(Stored data entries)
*** Block opens ***
(* Let $n\geqslant 1$ and let $T$ be a basic tree with $2n$ vertices. Let $D$ be the directed graph obtained from $T$ by replacing every edge $ab$ of $T$ by the two directed edges $\overrightarrow{ab}$ and $\overrightarrow{ba}$. Then $\Delta(D)$ is homotopy equivalent to the sphere $\mathbb{S}^{n-1}$.
   Context: A basic tree is either a tree with exactly two vertices, or a tree with $2n$ vertices, $n$ of which are leaves and $n$ non-leaves, such that every non-leaf is adjacent to exactly one leaf. For a finite directed graph $D$, $\Delta(D)$ has the directed edges of $D$ as vertices and the edge sets of directed forests in $D$ (vertex-disjoint unions of rooted directed trees; equivalently, edge sets in which every vertex has in-degree at most $1$ and there is no directed cycle) as faces. *)

theory Defs
  imports "HOL-Analysis.Analysis"
begin

definition simple_graph :: "'a set \<Rightarrow> 'a set set \<Rightarrow> bool" where
  "simple_graph V E \<longleftrightarrow> finite V \<and>
     (\<forall>e\<in>E. \<exists>a b. e = {a, b} \<and> a \<noteq> b \<and> a \<in> V \<and> b \<in> V)"

definition adj :: "'a set set \<Rightarrow> 'a \<Rightarrow> 'a \<Rightarrow> bool" where
  "adj E a b \<longleftrightarrow> {a, b} \<in> E \<and> a \<noteq> b"

definition graph_connected :: "'a set \<Rightarrow> 'a set set \<Rightarrow> bool" where
  "graph_connected V E \<longleftrightarrow>
     (\<forall>a\<in>V. \<forall>b\<in>V. (a, b) \<in> {(x, y). adj E x y}\<^sup>*)"

definition is_cycle :: "'a set \<Rightarrow> 'a set set \<Rightarrow> 'a list \<Rightarrow> bool" where
  "is_cycle V E cs \<longleftrightarrow> length cs \<ge> 3 \<and> distinct cs \<and> set cs \<subseteq> V \<and>
     (\<forall>i. Suc i < length cs \<longrightarrow> adj E (cs ! i) (cs ! Suc i)) \<and>
     adj E (last cs) (hd cs)"

definition is_tree :: "'a set \<Rightarrow> 'a set set \<Rightarrow> bool" where
  "is_tree V E \<longleftrightarrow> simple_graph V E \<and> V \<noteq> {} \<and> graph_connected V E \<and>
     \<not> (\<exists>cs. is_cycle V E cs)"

definition degree :: "'a set set \<Rightarrow> 'a \<Rightarrow> nat" where
  "degree E v = card {e\<in>E. v \<in> e}"

definition is_leaf :: "'a set set \<Rightarrow> 'a \<Rightarrow> bool" where
  "is_leaf E v \<longleftrightarrow> degree E v = 1"

definition basic_tree :: "'a set \<Rightarrow> 'a set set \<Rightarrow> bool" where
  "basic_tree V E \<longleftrightarrow> is_tree V E \<and>
     (card V = 2 \<or>
      (\<exists>n. card V = 2 * n \<and> card {v\<in>V. is_leaf E v} = n \<and>
           card {v\<in>V. \<not> is_leaf E v} = n \<and>
           (\<forall>v\<in>V. \<not> is_leaf E v \<longrightarrow> card {u\<in>V. is_leaf E u \<and> adj E v u} = 1)))"

definition doubled_arcs :: "'a set set \<Rightarrow> ('a \<times> 'a) set" where
  "doubled_arcs E = {(a, b). adj E a b}"

definition directed_forest :: "('a \<times> 'a) set \<Rightarrow> ('a \<times> 'a) set \<Rightarrow> bool" where
  "directed_forest A F \<longleftrightarrow> F \<subseteq> A \<and>
     (\<forall>v. card {u. (u, v) \<in> F} \<le> 1) \<and> acyclic F"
*** Block closes ***
> _TASK INSTRUCTIONS_
Starting at the line that contains "(\<forall>v\<in>V. \<not> is_leaf" and ending at the last line of the data, repeat each line exactly; include nothing else.

> _RESPONSE TO THE TASK_
           (\<forall>v\<in>V. \<not> is_leaf E v \<longrightarrow> card {u\<in>V. is_leaf E u \<and> adj E v u} = 1)))"

definition doubled_arcs :: "'a set set \<Rightarrow> ('a \<times> 'a) set" where
  "doubled_arcs E = {(a, b). adj E a b}"

definition directed_forest :: "('a \<times> 'a) set \<Rightarrow> ('a \<times> 'a) set \<Rightarrow> bool" where
  "directed_forest A F \<longleftrightarrow> F \<subseteq> A \<and>
     (\<forall>v. card {u. (u, v) \<in> F} \<le> 1) \<and> acyclic F"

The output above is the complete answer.